**Task directions**: Pull out every line below containing the word "using".

**Supplied records**:
section \<open>Integrals against a density\<close>

lemma nn_integral_le_linear_comb3:
  fixes h f1 f2 f3 :: "'a \<Rightarrow> real"
  assumes m1: "(\<lambda>z. ennreal (f1 z) * indicator S z) \<in> borel_measurable M"
    and m2: "(\<lambda>z. ennreal (f2 z) * indicator S z) \<in> borel_measurable M"
    and m3: "(\<lambda>z. ennreal (f3 z) * indicator S z) \<in> borel_measurable M"
    and co: "\<alpha> \<ge> 0" "\<beta> \<ge> 0" "\<gamma> \<ge> 0"
    and f0: "\<And>z. f1 z \<ge> 0" "\<And>z. f2 z \<ge> 0" "\<And>z. f3 z \<ge> 0"
    and pw: "\<And>z. z \<in> S \<Longrightarrow> h z \<le> \<alpha> * f1 z + \<beta> * f2 z + \<gamma> * f3 z"
  shows "(\<integral>\<^sup>+ z\<in>S. ennreal (h z) \<partial>M) \<le> ennreal \<alpha> * (\<integral>\<^sup>+ z\<in>S. ennreal (f1 z) \<partial>M)
     + ennreal \<beta> * (\<integral>\<^sup>+ z\<in>S. ennreal (f2 z) \<partial>M) + ennreal \<gamma> * (\<integral>\<^sup>+ z\<in>S. ennreal (f3 z) \<partial>M)"
proof -
  have "(\<integral>\<^sup>+ z\<in>S. ennreal (h z) \<partial>M) \<le> (\<integral>\<^sup>+ z. (ennreal \<alpha> * (ennreal (f1 z) * indicator S z)
      + ennreal \<beta> * (ennreal (f2 z) * indicator S z)) + ennreal \<gamma> * (ennreal (f3 z) * indicator S z) \<partial>M)"
  proof (intro nn_integral_mono)
    fix z
    show "ennreal (h z) * indicator S z \<le> (ennreal \<alpha> * (ennreal (f1 z) * indicator S z)
      + ennreal \<beta> * (ennreal (f2 z) * indicator S z)) + ennreal \<gamma> * (ennreal (f3 z) * indicator S z)"
    proof (cases "z \<in> S")
      case True
      have "ennreal (h z) \<le> ennreal (\<alpha> * f1 z + \<beta> * f2 z + \<gamma> * f3 z)" by (rule ennreal_leI[OF pw[OF True]])
      also have "\<dots> = ennreal \<alpha> * ennreal (f1 z) + ennreal \<beta> * ennreal (f2 z) + ennreal \<gamma> * ennreal (f3 z)"
        using co f0 by (simp add: ennreal_plus ennreal_mult)
      finally show ?thesis using True by simp
    qed simp
  qed
  also have "\<dots> = (\<integral>\<^sup>+ z. ennreal \<alpha> * (ennreal (f1 z) * indicator S z)
      + ennreal \<beta> * (ennreal (f2 z) * indicator S z) \<partial>M) + (\<integral>\<^sup>+ z. ennreal \<gamma> * (ennreal (f3 z) * indicator S z) \<partial>M)"
    by (rule nn_integral_add) (use m1 m2 m3 in auto)
  also have "(\<integral>\<^sup>+ z. ennreal \<alpha> * (ennreal (f1 z) * indicator S z)
      + ennreal \<beta> * (ennreal (f2 z) * indicator S z) \<partial>M) = (\<integral>\<^sup>+ z. ennreal \<alpha> * (ennreal (f1 z) * indicator S z) \<partial>M)
      + (\<integral>\<^sup>+ z. ennreal \<beta> * (ennreal (f2 z) * indicator S z) \<partial>M)"
    by (rule nn_integral_add) (use m1 m2 in auto)
  also have "(\<integral>\<^sup>+ z. ennreal \<alpha> * (ennreal (f1 z) * indicator S z) \<partial>M) = ennreal \<alpha> * (\<integral>\<^sup>+ z\<in>S. ennreal (f1 z) \<partial>M)"
    by (rule nn_integral_cmult[OF m1])
  also have "(\<integral>\<^sup>+ z. ennreal \<beta> * (ennreal (f2 z) * indicator S z) \<partial>M) = ennreal \<beta> * (\<integral>\<^sup>+ z\<in>S. ennreal (f2 z) \<partial>M)"
    by (rule nn_integral_cmult[OF m2])
  also have "(\<integral>\<^sup>+ z. ennreal \<gamma> * (ennreal (f3 z) * indicator S z) \<partial>M) = ennreal \<gamma> * (\<integral>\<^sup>+ z\<in>S. ennreal (f3 z) \<partial>M)"
    by (rule nn_integral_cmult[OF m3])
  finally show ?thesis .
qed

**Exercise answer**:
        using co f0 by (simp add: ennreal_plus ennreal_mult)
      finally show ?thesis using True by simp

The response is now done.